Renseignements d’ordre général

Structure constitutionnelle de l’État partie

Le Comité est conscient des difficultés posées par la structure constitutionnelle complexe de l’État partie, mais note avec préoccupation qu’en droit comme en pratique les juridictions aux divers niveaux se conforment de manière inégale aux obligations découlant de la Convention. À cet égard, le Comité prend note de l’adoption de mesures en vue d’harmoniser la législation aux niveaux de l’État, des entités et des districts, mais constate qu’en l’état actuel des choses les disparités entre les codes pénaux peuvent créer une incertitude juridique quant aux infractions, à leur définition et aux peines correspondantes, compromettant du même coup l’application uniforme de la Convention sur l’ensemble du territoire national.

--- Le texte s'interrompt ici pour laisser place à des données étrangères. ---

(* There exist finite-dimensional Hilbert spaces $\mathcal{H}_1,\mathcal{H}_2$, states $\rho_1$ on $\mathcal{H}_1$ and $\rho_2$ on $\mathcal{H}_2$, a separable observable $A$ on $\mathcal{H}_1\otimes\mathcal{H}_2$, an entangled state $\rho$ on $\mathcal{H}_1\otimes\mathcal{H}_2$, and a real number $\lambda>0$ such that: (1) $\rho$ is a witness of the $\lambda$-lifting $\rho_1\,A^\#\,\rho_2$; and (2) no separable state $\sigma$ on $\mathcal{H}_1\otimes\mathcal{H}_2$ is a witness of the $\lambda$-lifting $\rho_1\,A^\#\,\rho_2$.
   Context: $\rho\in\mathcal{D}^\le(\mathcal{H}_1\otimes\mathcal{H}_2)$ (partial density operators) is a coupling for $\langle\rho_1,\rho_2\rangle$ if $\mathrm{tr}_2(\rho)=\rho_1$ and $\mathrm{tr}_1(\rho)=\rho_2$ (partial traces). For an observable (Hermitian operator) $A$ on $\mathcal{H}_1\otimes\mathcal{H}_2$ and $\lambda>0$, $\rho$ is a witness of the $\lambda$-lifting $\rho_1 A^\#\rho_2$ if $\rho$ is a coupling for $\langle\rho_1,\rho_2\rangle$ and $\mathrm{tr}(A\rho)\ge\lambda$. A positive operator $\rho$ on $\mathcal{H}_1\otimes\mathcal{H}_2$ is separable if $\rho=\sum_m\rho_{m1}\otimes\rho_{m2}$ with each $\rho_{mi}$ a positive operator on $\mathcal{H}_i$; it is entangled if it is not separable. *)

theory Defs
  imports Complex_Main "Jordan_Normal_Form.Matrix"
begin

text \<open>Finite-dimensional Hilbert spaces are modelled as C^n; operators are n x n complex
matrices. The composite space H1 (x) H2 = C^(n1*n2) with basis index i1*n2 + i2.\<close>

definition cpositive :: "nat \<Rightarrow> complex mat \<Rightarrow> bool" where
  "cpositive n A \<longleftrightarrow> A \<in> carrier_mat n n \<and>
     (\<forall>v \<in> carrier_vec n.
        let q = (\<Sum>i<n. cnj (v $ i) * (A *\<^sub>v v) $ i) in Im q = 0 \<and> Re q \<ge> 0)"

definition hermitian_op :: "nat \<Rightarrow> complex mat \<Rightarrow> bool" where
  "hermitian_op n A \<longleftrightarrow> A \<in> carrier_mat n n \<and>
     (\<forall>i<n. \<forall>j<n. A $$ (i, j) = cnj (A $$ (j, i)))"

definition trace :: "complex mat \<Rightarrow> complex" where
  "trace A = (\<Sum>i<dim_row A. A $$ (i, i))"

definition is_state :: "nat \<Rightarrow> complex mat \<Rightarrow> bool" where
  "is_state n \<rho> \<longleftrightarrow> cpositive n \<rho> \<and> trace \<rho> = 1"

definition is_pdo :: "nat \<Rightarrow> complex mat \<Rightarrow> bool" where
  "is_pdo n \<rho> \<longleftrightarrow> cpositive n \<rho> \<and> Re (trace \<rho>) \<le> 1"

definition kron :: "nat \<Rightarrow> nat \<Rightarrow> complex mat \<Rightarrow> complex mat \<Rightarrow> complex mat" where
  "kron n1 n2 A B = mat (n1 * n2) (n1 * n2)
     (\<lambda>(i, j). A $$ (i div n2, j div n2) * B $$ (i mod n2, j mod n2))"

definition ptrace2 :: "nat \<Rightarrow> nat \<Rightarrow> complex mat \<Rightarrow> complex mat" where
  "ptrace2 n1 n2 \<rho> = mat n1 n1 (\<lambda>(i, j). \<Sum>k<n2. \<rho> $$ (i * n2 + k, j * n2 + k))"

definition ptrace1 :: "nat \<Rightarrow> nat \<Rightarrow> complex mat \<Rightarrow> complex mat" where
  "ptrace1 n1 n2 \<rho> = mat n2 n2 (\<lambda>(k, l). \<Sum>i<n1. \<rho> $$ (i * n2 + k, i * n2 + l))"

definition separable :: "nat \<Rightarrow> nat \<Rightarrow> complex mat \<Rightarrow> bool" where
  "separable n1 n2 \<rho> \<longleftrightarrow> cpositive (n1 * n2) \<rho> \<and>
     (\<exists>(K::nat) P Q. (\<forall>m<K. cpositive n1 (P m) \<and> cpositive n2 (Q m)) \<and>
        \<rho> = mat (n1 * n2) (n1 * n2) (\<lambda>ij. \<Sum>m<K. kron n1 n2 (P m) (Q m) $$ ij))"

definition entangled :: "nat \<Rightarrow> nat \<Rightarrow> complex mat \<Rightarrow> bool" where
  "entangled n1 n2 \<rho> \<longleftrightarrow> cpositive (n1 * n2) \<rho> \<and> \<not> separable n1 n2 \<rho>"

definition coupling :: "nat \<Rightarrow> nat \<Rightarrow> complex mat \<Rightarrow> complex mat \<Rightarrow> complex mat \<Rightarrow> bool" where
  "coupling n1 n2 \<rho> \<rho>1 \<rho>2 \<longleftrightarrow> is_pdo (n1 * n2) \<rho> \<and>
     ptrace2 n1 n2 \<rho> = \<rho>1 \<and> ptrace1 n1 n2 \<rho> = \<rho>2"

definition lifting_witness :: "nat \<Rightarrow> nat \<Rightarrow> complex mat \<Rightarrow> complex mat \<Rightarrow> complex mat
    \<Rightarrow> real \<Rightarrow> complex mat \<Rightarrow> bool" where
  "lifting_witness n1 n2 \<rho>1 A \<rho>2 lam \<rho> \<longleftrightarrow>
     coupling n1 n2 \<rho> \<rho>1 \<rho>2 \<and> Re (trace (A * \<rho>)) \<ge> lam"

Le Comité rappelle l ’ article 41 de la Convention et recommande à l ’ État partie d ’ adopter les mesures nécessaires pour que la législation et la pratique aux niveaux de l ’ État, des entités et des districts soient pleinement conformes aux obligations énoncées dans la Convention.

Définition et incrimination de la disparition forcée (art. 1er à 7)

Impossibilité de déroger à l’interdiction de la disparition forcée

Le Comité constate avec préoccupation que la législation nationale ne dispose pas expressément qu’aucune circonstance exceptionnelle, quelle qu’elle soit, ne peut être invoquée pour déroger à l’interdiction de la disparition forcée (art. 1er).

Le Comité recommande à l ’ État partie de prendre les mesures législatives nécessaires pour inscrire expressément dans le droit interne à tous les niveaux l ’ interdiction absolue de la disparition forcée, conformément au paragraphe 2 de l ’ article premier de la Convention.

Crime de disparition forcée

Le Comité accueille avec satisfaction les modifications apportées au Code pénal de la Bosnie-Herzégovine en mai 2015 aux fins d’ériger la disparition forcée en infraction autonome à l’article 190 a) et prend note des informations communiquées par l’État partie selon lesquelles cette nouvelle disposition ne couvre pas la responsabilité des agents de l’État au niveau des entités et des districts. Il constate qu’un certain nombre d’articles des codes pénaux des entités et des districts comportent des éléments liés à la disparition forcée, mais est préoccupé par le fait que ces articles ne suffisent pas pour couvrir comme il convient tous les éléments constitutifs et formes de la disparition forcée telle qu’elle est définie aux articles 2 et 6 de la Convention. À cet égard, le Comité estime que seule l’incrimination de la disparition forcée en tant qu’infraction distincte dans l’ensemble du pays permettrait à l’État partie de s’acquitter de son obligation au titre de l’article 4, qui est étroitement liée à d’autres obligations conventionnelles relatives à la législation, telles que celles énoncées aux articles 6, 7 et 8 (art. 2 et 4 à 8).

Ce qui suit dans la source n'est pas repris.